**WHAT IS BEING ASKED**
Out of the lines below, please list those that hold the string "False".

**MATERIAL PROVIDED**
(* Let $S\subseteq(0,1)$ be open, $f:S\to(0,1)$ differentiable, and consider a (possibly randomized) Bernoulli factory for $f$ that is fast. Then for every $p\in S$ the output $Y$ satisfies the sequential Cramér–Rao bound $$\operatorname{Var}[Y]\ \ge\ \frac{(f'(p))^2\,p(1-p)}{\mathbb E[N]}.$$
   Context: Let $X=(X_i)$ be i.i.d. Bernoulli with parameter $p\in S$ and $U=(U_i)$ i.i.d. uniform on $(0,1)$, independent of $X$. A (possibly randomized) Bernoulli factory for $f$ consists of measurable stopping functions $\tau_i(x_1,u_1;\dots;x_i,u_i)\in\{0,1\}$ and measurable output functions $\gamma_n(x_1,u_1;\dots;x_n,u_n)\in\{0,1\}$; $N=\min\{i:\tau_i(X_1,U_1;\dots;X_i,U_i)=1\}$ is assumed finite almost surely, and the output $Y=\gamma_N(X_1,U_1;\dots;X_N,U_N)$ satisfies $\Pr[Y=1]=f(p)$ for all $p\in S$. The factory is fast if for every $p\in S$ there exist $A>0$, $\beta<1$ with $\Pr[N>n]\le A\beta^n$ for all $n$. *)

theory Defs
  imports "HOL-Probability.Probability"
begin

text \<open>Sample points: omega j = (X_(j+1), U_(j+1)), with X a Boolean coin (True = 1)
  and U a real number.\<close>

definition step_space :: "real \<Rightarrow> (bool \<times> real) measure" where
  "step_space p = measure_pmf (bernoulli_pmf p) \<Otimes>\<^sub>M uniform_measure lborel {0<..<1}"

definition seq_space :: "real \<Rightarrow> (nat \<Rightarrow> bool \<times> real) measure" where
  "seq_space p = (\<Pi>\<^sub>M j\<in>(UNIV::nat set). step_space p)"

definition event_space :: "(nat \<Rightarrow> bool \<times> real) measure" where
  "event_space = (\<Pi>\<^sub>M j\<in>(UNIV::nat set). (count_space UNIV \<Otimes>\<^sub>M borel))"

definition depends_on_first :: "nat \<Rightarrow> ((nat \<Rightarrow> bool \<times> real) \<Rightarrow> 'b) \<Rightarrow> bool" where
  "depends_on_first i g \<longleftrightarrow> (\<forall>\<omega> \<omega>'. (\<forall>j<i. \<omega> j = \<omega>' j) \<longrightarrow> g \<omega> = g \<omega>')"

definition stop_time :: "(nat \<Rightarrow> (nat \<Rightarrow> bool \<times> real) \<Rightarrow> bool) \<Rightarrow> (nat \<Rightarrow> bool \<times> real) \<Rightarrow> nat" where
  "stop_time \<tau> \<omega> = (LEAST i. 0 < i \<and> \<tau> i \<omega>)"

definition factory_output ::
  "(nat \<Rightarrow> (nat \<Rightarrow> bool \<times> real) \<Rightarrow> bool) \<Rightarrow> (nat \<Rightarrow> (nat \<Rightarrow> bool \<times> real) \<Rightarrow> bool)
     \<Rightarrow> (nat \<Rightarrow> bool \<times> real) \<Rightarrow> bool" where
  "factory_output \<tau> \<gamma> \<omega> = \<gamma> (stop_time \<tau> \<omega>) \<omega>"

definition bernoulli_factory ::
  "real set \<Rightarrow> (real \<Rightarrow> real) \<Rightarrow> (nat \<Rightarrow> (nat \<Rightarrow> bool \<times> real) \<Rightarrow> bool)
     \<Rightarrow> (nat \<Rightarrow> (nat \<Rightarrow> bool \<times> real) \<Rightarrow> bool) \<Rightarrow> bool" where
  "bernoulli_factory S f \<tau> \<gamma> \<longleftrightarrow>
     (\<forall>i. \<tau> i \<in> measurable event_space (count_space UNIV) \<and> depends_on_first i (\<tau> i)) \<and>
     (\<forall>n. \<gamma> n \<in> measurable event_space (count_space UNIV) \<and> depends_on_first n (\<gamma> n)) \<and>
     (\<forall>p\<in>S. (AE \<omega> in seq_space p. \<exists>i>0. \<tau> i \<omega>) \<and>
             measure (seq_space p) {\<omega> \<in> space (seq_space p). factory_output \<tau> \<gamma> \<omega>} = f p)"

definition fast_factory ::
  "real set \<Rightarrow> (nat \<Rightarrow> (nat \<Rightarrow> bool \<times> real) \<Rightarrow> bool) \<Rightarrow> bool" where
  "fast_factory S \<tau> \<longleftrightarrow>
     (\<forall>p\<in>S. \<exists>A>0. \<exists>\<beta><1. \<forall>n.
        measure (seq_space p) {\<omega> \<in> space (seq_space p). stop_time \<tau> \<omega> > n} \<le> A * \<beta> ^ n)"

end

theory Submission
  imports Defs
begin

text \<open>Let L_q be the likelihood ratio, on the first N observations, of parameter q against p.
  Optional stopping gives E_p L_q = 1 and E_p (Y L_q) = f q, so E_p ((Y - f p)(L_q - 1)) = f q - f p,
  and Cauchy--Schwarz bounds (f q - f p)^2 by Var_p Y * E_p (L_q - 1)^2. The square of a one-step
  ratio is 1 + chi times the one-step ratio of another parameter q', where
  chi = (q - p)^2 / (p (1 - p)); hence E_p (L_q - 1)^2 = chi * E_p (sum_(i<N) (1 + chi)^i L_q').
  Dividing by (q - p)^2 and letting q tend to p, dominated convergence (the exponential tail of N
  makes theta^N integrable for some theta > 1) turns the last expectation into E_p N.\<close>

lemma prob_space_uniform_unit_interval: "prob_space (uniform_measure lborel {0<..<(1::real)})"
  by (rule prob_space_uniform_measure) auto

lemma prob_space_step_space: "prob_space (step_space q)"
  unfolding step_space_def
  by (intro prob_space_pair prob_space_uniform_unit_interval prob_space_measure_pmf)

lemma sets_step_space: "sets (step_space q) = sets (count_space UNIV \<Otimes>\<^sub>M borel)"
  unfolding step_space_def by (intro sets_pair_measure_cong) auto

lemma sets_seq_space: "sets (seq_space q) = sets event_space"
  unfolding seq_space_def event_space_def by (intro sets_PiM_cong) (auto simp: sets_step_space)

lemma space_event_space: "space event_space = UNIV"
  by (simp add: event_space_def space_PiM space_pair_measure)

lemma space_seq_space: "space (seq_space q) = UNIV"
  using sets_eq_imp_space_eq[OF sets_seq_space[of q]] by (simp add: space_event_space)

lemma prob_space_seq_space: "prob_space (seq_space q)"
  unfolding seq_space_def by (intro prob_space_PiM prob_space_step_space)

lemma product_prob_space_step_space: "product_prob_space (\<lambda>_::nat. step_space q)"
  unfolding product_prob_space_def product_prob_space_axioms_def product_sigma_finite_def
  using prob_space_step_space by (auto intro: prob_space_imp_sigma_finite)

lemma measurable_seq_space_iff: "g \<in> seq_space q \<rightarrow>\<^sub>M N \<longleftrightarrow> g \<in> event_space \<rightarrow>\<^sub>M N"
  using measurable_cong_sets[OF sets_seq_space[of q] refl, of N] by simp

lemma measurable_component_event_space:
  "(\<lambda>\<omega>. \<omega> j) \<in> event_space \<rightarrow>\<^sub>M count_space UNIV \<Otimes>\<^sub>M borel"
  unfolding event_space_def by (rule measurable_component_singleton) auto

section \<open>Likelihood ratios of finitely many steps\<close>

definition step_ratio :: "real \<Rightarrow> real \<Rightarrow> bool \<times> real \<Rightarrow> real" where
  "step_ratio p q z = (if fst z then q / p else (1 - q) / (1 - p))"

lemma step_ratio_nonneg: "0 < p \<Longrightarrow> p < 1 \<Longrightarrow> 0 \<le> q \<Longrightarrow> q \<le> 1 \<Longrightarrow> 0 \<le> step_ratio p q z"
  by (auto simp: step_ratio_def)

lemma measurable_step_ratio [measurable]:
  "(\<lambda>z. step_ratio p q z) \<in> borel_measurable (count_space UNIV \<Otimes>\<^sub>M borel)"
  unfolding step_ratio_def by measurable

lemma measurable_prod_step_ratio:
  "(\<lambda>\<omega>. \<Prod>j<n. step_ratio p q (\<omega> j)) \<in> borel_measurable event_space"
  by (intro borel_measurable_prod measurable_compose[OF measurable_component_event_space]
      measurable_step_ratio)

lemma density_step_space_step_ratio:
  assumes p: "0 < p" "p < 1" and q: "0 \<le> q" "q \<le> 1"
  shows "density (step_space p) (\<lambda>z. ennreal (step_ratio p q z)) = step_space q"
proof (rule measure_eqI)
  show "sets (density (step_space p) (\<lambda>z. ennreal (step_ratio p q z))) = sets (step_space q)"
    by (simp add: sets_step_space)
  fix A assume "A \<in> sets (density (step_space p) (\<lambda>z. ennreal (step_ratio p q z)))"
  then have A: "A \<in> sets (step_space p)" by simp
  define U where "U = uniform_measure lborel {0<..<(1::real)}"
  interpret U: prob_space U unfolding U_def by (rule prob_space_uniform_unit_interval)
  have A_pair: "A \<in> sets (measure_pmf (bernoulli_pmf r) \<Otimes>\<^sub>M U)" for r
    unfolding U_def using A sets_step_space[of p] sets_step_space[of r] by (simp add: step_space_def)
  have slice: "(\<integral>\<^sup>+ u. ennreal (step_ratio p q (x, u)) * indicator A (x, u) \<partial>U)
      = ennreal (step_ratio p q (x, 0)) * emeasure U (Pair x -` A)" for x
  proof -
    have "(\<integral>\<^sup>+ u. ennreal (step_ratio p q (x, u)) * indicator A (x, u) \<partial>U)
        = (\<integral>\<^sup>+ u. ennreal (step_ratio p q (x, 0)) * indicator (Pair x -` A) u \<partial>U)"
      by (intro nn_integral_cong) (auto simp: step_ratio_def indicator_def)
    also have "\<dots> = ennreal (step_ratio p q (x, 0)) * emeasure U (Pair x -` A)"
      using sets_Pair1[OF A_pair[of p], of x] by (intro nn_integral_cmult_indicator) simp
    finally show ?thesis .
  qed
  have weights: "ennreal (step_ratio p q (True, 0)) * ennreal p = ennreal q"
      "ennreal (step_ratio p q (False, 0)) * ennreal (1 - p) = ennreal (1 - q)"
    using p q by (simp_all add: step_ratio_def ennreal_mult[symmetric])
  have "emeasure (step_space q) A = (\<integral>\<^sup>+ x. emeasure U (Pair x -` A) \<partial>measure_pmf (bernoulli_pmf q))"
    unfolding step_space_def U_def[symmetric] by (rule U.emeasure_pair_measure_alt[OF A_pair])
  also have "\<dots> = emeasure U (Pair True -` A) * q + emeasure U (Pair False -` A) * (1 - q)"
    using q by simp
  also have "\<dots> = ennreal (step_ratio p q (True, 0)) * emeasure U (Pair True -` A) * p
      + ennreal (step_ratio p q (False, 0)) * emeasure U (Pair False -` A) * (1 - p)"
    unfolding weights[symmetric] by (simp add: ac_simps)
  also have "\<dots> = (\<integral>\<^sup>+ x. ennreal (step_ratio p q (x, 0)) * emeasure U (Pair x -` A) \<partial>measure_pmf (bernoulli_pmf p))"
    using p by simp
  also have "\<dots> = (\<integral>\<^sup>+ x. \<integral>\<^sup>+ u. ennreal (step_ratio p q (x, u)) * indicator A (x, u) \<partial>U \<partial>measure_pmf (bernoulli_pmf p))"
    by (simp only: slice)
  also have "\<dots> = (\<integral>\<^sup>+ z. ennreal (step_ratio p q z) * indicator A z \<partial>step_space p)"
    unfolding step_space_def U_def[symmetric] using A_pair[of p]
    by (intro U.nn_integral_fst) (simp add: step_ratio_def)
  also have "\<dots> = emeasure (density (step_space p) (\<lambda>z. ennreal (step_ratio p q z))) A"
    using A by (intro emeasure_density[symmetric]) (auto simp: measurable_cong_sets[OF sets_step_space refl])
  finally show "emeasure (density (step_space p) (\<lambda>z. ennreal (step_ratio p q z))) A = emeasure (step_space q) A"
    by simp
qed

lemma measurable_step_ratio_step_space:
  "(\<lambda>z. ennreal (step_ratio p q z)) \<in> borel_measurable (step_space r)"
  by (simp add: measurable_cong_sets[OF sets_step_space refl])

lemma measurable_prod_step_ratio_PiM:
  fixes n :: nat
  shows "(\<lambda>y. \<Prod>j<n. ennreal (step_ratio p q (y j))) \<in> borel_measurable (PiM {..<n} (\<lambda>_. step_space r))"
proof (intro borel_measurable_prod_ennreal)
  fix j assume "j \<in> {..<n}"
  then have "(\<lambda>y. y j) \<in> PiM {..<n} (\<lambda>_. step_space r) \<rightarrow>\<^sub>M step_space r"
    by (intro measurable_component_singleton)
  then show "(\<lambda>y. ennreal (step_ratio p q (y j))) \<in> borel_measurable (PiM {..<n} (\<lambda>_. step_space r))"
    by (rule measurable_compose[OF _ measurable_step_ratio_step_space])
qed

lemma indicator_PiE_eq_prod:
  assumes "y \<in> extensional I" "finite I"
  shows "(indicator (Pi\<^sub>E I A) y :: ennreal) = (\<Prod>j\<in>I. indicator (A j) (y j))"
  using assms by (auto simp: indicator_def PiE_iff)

**SOLUTION TO THIS TASK**
      "ennreal (step_ratio p q (False, 0)) * ennreal (1 - p) = ennreal (1 - q)"
  also have "\<dots> = emeasure U (Pair True -` A) * q + emeasure U (Pair False -` A) * (1 - q)"
      + ennreal (step_ratio p q (False, 0)) * emeasure U (Pair False -` A) * (1 - p)"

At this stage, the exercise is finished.